text \<open>The delay term is split as \<open>\<Phi> t - \<Phi> (t - \<tau>)\<close> with \<open>\<Phi>\<close> a primitive from \<open>T - \<tau>\<close>.\<close>

lemma has_real_derivative_delay_integral:
  assumes "positive_from T xs ys vs zs" "t \<ge> T"
  shows "((\<lambda>t. integral {t - tau..t} (\<lambda>\<theta>. volterra (xs * vs) (x \<theta> * v \<theta>))) has_real_derivative
            volterra (xs * vs) (x t * v t) - volterra (xs * vs) (x (t - tau) * v (t - tau)))
           (at t within {T..})"
proof -
  define F where "F \<theta> = volterra (xs * vs) (x \<theta> * v \<theta>)" for \<theta>
  define \<Phi> where "\<Phi> u = integral {T - tau..u} F" for u
  define B where "B = t + 1"
  have tB: "t < B" "t \<in> {T..B}" using assms(2) by (auto simp: B_def)
  have cF: "continuous_on {T - tau..u} F" for u
    unfolding F_def by (rule continuous_on_volterra_xv[OF assms(1)]) auto
  have dPhi: "(\<Phi> has_real_derivative F u) (at u within {T - tau..B})" if "u \<in> {T - tau..B}" for u
    unfolding \<Phi>_def by (rule integral_has_real_derivative[OF cF that])
  have split: "integral {u - tau..u} F = \<Phi> u - \<Phi> (u - tau)" if "u \<ge> T" for u
    unfolding \<Phi>_def using that pos
    by (simp add: Henstock_Kurzweil_Integration.integral_combine[symmetric, of "T - tau" "u - tau" u]
          integrable_continuous_real[OF cF])
  have d1: "(\<Phi> has_real_derivative F t) (at t within {T..B})"
    by (rule has_field_derivative_subset[OF dPhi]) (use tB pos in auto)
  have "(\<Phi> has_real_derivative F (t - tau)) (at (t - tau) within (\<lambda>u. u - tau) ` {T..B})"
    by (rule has_field_derivative_subset[OF dPhi]) (use tB pos in auto)
  moreover have "((\<lambda>u. u - tau) has_real_derivative 1) (at t within {T..B})"
    by (intro derivative_eq_intros) auto
  ultimately have d2: "((\<lambda>u. \<Phi> (u - tau)) has_real_derivative F (t - tau)) (at t within {T..B})"
    using DERIV_image_chain by (fastforce simp: o_def)
  have "((\<lambda>u. integral {u - tau..u} F) has_real_derivative F t - F (t - tau)) (at t within {T..B})"
    by (rule has_field_derivative_transform_within[OF DERIV_diff[OF d1 d2] zero_less_one tB(2)])
       (use split in auto)
  then show ?thesis unfolding F_def by (rule DERIV_within_Ici_if_Icc[OF _ tB(1)])
qed

lemma has_real_derivative_lyap:
  assumes ph: "positive_from T xs ys vs zs" and t: "t \<ge> T"
  shows "(lyap xs ys vs zs a has_real_derivative lyap_deriv xs ys vs zs a t) (at t within {T..})"
proof -
  have S: "{T..} \<subseteq> {0..}" and tT: "t \<in> {T..}" using ph t by (auto simp: positive_from_def)
  have "x t > 0" "ys = 0 \<or> y t > 0" "vs = 0 \<or> v t > 0" "zs = 0 \<or> z t > 0"
    using ph t by (auto simp: positive_from_def)
  note volterra_terms = has_real_derivative_volterra[OF x_deriv[OF tT S]]
    has_real_derivative_volterra[OF y_deriv[OF tT S]] has_real_derivative_volterra[OF v_deriv[OF tT S]]
    has_real_derivative_volterra[OF z_deriv[OF tT S]]
  show ?thesis
    unfolding lyap_def[abs_def] lyap_deriv_def
    by (intro DERIV_add DERIV_cmult volterra_terms has_real_derivative_delay_integral[OF ph t])
       (use \<open>x t > 0\<close> \<open>ys = 0 \<or> y t > 0\<close> \<open>vs = 0 \<or> v t > 0\<close> \<open>zs = 0 \<or> z t > 0\<close> in auto)
qed

lemma lyap_antimono:
  assumes ph: "positive_from T xs ys vs zs"
    and lyap_deriv_nonpos: "\<And>t. t \<ge> T \<Longrightarrow> lyap_deriv xs ys vs zs a t \<le> 0" and t: "t \<ge> T"
  shows "lyap xs ys vs zs a t \<le> lyap xs ys vs zs a T"
proof (rule DERIV_within_nonpos_imp_le[OF t])
  fix u assume "u \<in> {T..t}"
  then show "(lyap xs ys vs zs a has_real_derivative lyap_deriv xs ys vs zs a u) (at u within {T..t})"
    by (intro has_field_derivative_subset[OF has_real_derivative_lyap[OF ph]]) auto
  show "lyap_deriv xs ys vs zs a u \<le> 0" using lyap_deriv_nonpos \<open>u \<in> {T..t}\<close> by auto
qed

lemma lyap_terms_nonneg:
  assumes ph: "positive_from T xs ys vs zs" and t: "t \<ge> T"
  shows "volterra xs (x t) \<ge> 0" "volterra ys (y t) \<ge> 0" "volterra vs (v t) \<ge> 0"
    "volterra zs (z t) \<ge> 0" "integral {t - tau..t} (\<lambda>\<theta>. volterra (xs * vs) (x \<theta> * v \<theta>)) \<ge> 0"
proof -
  have t0: "t \<ge> 0" using ph t by (simp add: positive_from_def)
  show "volterra xs (x t) \<ge> 0" using ph t by (intro volterra_nonneg) (auto simp: positive_from_def)
  show "volterra ys (y t) \<ge> 0" using ph t y_nonneg[OF t0]
    by (intro volterra_nonneg) (auto simp: positive_from_def)
  show "volterra vs (v t) \<ge> 0" using ph t v_nonneg_pos_time[OF t0]
    by (intro volterra_nonneg) (auto simp: positive_from_def)
  show "volterra zs (z t) \<ge> 0" using ph t z_nonneg[OF t0]
    by (intro volterra_nonneg) (auto simp: positive_from_def)
  have cF: "continuous_on {t - tau..t} (\<lambda>\<theta>. volterra (xs * vs) (x \<theta> * v \<theta>))"
    by (rule continuous_on_volterra_xv[OF ph]) (use t in auto)
  show "integral {t - tau..t} (\<lambda>\<theta>. volterra (xs * vs) (x \<theta> * v \<theta>)) \<ge> 0"
  proof (rule integral_nonneg[OF integrable_continuous_real[OF cF]])
    fix \<theta> assume \<theta>: "\<theta> \<in> {t - tau..t}"
    then have "x \<theta> \<ge> 0" "v \<theta> \<ge> 0" using x_nonneg v_nonneg t0 by auto
    moreover have "xs * vs > 0 \<Longrightarrow> x \<theta> * v \<theta> > 0" using ph t \<theta> by (auto simp: positive_from_def)
    ultimately show "volterra (xs * vs) (x \<theta> * v \<theta>) \<ge> 0"
      using ph by (intro volterra_nonneg) (auto simp: positive_from_def)
  qed
qed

_Directions for this task_
When a line of the records has the word "that", pick it out and copy it.

_Task solution_
    unfolding \<Phi>_def by (rule integral_has_real_derivative[OF cF that])
    unfolding \<Phi>_def using that pos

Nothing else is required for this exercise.